Serotonin and norepinephrine reuptake inhibitors (SNRIs) are a newer class of antidepressant that may improve depressive symptoms in patients with PD (12-14). In addition, one SNRI, duloxetine, may be effective in the treatment of several motor symptoms, including freezing of gait (FOG) (15). FOG is sometimes intractable, despite treatment with dopaminergic agents including levodopa, and it is problematic for many patients with PD, due to its impact on activities of daily living and because it is associated with a higher risk of falls (16). Thus, FOG should be improved. Given these findings and the fact that SNRIs inhibit both serotonin and norepinephrine reuptake (17), we hypothesized that SNRIs may be more effective for treating apathy and FOG than SSRIs, and that any improvement in apathy and depression may have synergistic effects on FOG.

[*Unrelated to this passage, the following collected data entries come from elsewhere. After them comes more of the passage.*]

lemma Phi_n_0: "Phi_n 0 = 1/2"
proof -
  interpret real_distribution std_normal_distribution by (rule real_distribution_std_normal)
  have sym: "(\<lambda>t. phi_n (-t)) = phi_n" by (simp add: fun_eq_iff std_normal_density_def)
  have refl: "{x. -x \<in> {..(0::real)}} = {0..}" by auto
  have "Phi_n 0 = (LBINT t:{0..}. phi_n t)"
    unfolding Phi_n_def by (subst set_integral_reflect) (simp only: sym refl)
  also have "\<dots> = measure std_normal_distribution {0..}"
    by (simp add: measure_std_normal_distribution)
  also have "{0..} = {0} \<union> {(0::real)<..}" by auto
  also have "measure std_normal_distribution \<dots>
      = measure std_normal_distribution {0} + measure std_normal_distribution {0<..}"
    by (rule finite_measure_Union) auto
  also have "measure std_normal_distribution {0} = 0"
    using isCont_cdf[of 0] isCont_Phi_n[of 0] by (simp add: Phi_n_eq_cdf)
  also have "{0<..} = space std_normal_distribution - {..(0::real)}"
    by (auto simp: std_normal_distribution_def)
  also have "measure std_normal_distribution \<dots> = 1 - measure std_normal_distribution {..0}"
    by (rule prob_compl) auto
  also have "measure std_normal_distribution {..0} = Phi_n 0"
    by (simp add: Phi_n_eq_cdf cdf_def)
  finally show ?thesis by simp
qed

lemma Phi_n_surj:
  assumes "0 < p" "p < 1"
  shows "\<exists>u. Phi_n u = p"
proof -
  obtain a where a: "Phi_n a < p"
    using eventually_happens'[OF _ order_tendstoD(2)[OF Phi_n_tendsto_at_bot assms(1)]] by auto
  obtain c where c: "p < Phi_n c"
    using eventually_happens'[OF _ order_tendstoD(1)[OF Phi_n_tendsto_at_top assms(2)]] by auto
  have "a \<le> c"
    using a c strict_mono_less_eq[OF strict_mono_Phi_n, of c a] by linarith
  then show ?thesis
    using IVT[of Phi_n a p c] isCont_Phi_n a c by force
qed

This randomized comparative study aimed to compare the efficacy of duloxetine with SSRIs (paroxetine or escitalopram) in reducing depressive symptoms and apathy in patients with PD. The secondary aims included the comparison of the effects of both types of drugs on FOG, the Clinical Global Impression of Severity (CGI-S) score, and safety.

Materials and Methods

Study design

The compaRativE study Between SSRI and SNRI treatment On depRessive patients with ParkinsoN’s disease (REBORN) was a prospective, multicenter, open-label, randomized, active-controlled study in Japanese patients with PD (UMIN-CTR; UMIN000015559). The study was conducted at 5 hospitals in Osaka, Japan, between January 2014 and June 2016. The study was approved by each site’s institutional ethical review board and was conducted in compliance with the Japanese Ethical Guideline for Clinical Studies and the Declaration of Helsinki. All of the patients who were enrolled in the study provided their written informed consent.

Study population

Male and female outpatients who met the following criteria were enrolled: ≥40 years of age, diagnosed with PD, and a Quick Inventory of Depressive Symptomatology Japanese version (QIDS-J) score of ≥6. The main exclusion criteria were a history of hypersensitivity to study drugs, treatment with a monoamine oxidase inhibitor within 2 weeks of study entry, pimozide treatment, QT prolongation, severe hepatic or renal dysfunction, uncontrolled narrow-angle glaucoma, suicidal ideation or attempt, psychiatric disease requiring medication within 1 year (excluding insomnia), and pregnant or breastfeeding women.

Treatment protocol

Patients were randomized (central registration with an electronic data capture system) to receive either an SSRI or an SNRI (specifically duloxetine) using a minimization procedure with the baseline QIDS-J, Unified Parkinson's Disease Rating Scale (UPDRS) II, and UPDRS III scores used as allocation factors. Patients randomized to the SSRI group were automatically allocated to receive paroxetine or escitalopram using the same central system and minimization method. The oral paroxetine doses were increased from 10 mg/day (2 weeks) to 20 mg/day (8 weeks) for tablets (Paxil® Tablets, GlaxoSmithKline, London, UK), and from 12.5 mg/day (2 weeks) to 25 mg/day (8 weeks) for controlled release (CR) tablets (Paxil® CR Tablets, GlaxoSmithKline), once daily after dinner. Oral escitalopram (Lexapro®, Mochida Pharmaceutical, Tokyo, Japan) was administered once daily at a dose of 10 mg/day (10 weeks). Patients randomized to the SNRI group received duloxetine. The oral duloxetine (Cymbalta®, Shionogi, Osaka, Japan) dose was increased from 20 mg/day (2 weeks), once daily to 40 mg/day (8 weeks), once daily. The treatment regimen for PD was not changed during the course of the study.

Outcome measures

Clinical symptoms were evaluated using the UPDRS II and III (for the severity of PD; baseline only), the QIDS-J (for depressive symptoms; baseline, 6 and 10 weeks), the Apathy Scale (baseline, 6 and 10 weeks), the FOG-Questionnaire (FOG-Q; baseline, 6 and 10 weeks), and the CGI-S (6 and 10 weeks; completed for depression and psychiatric symptoms).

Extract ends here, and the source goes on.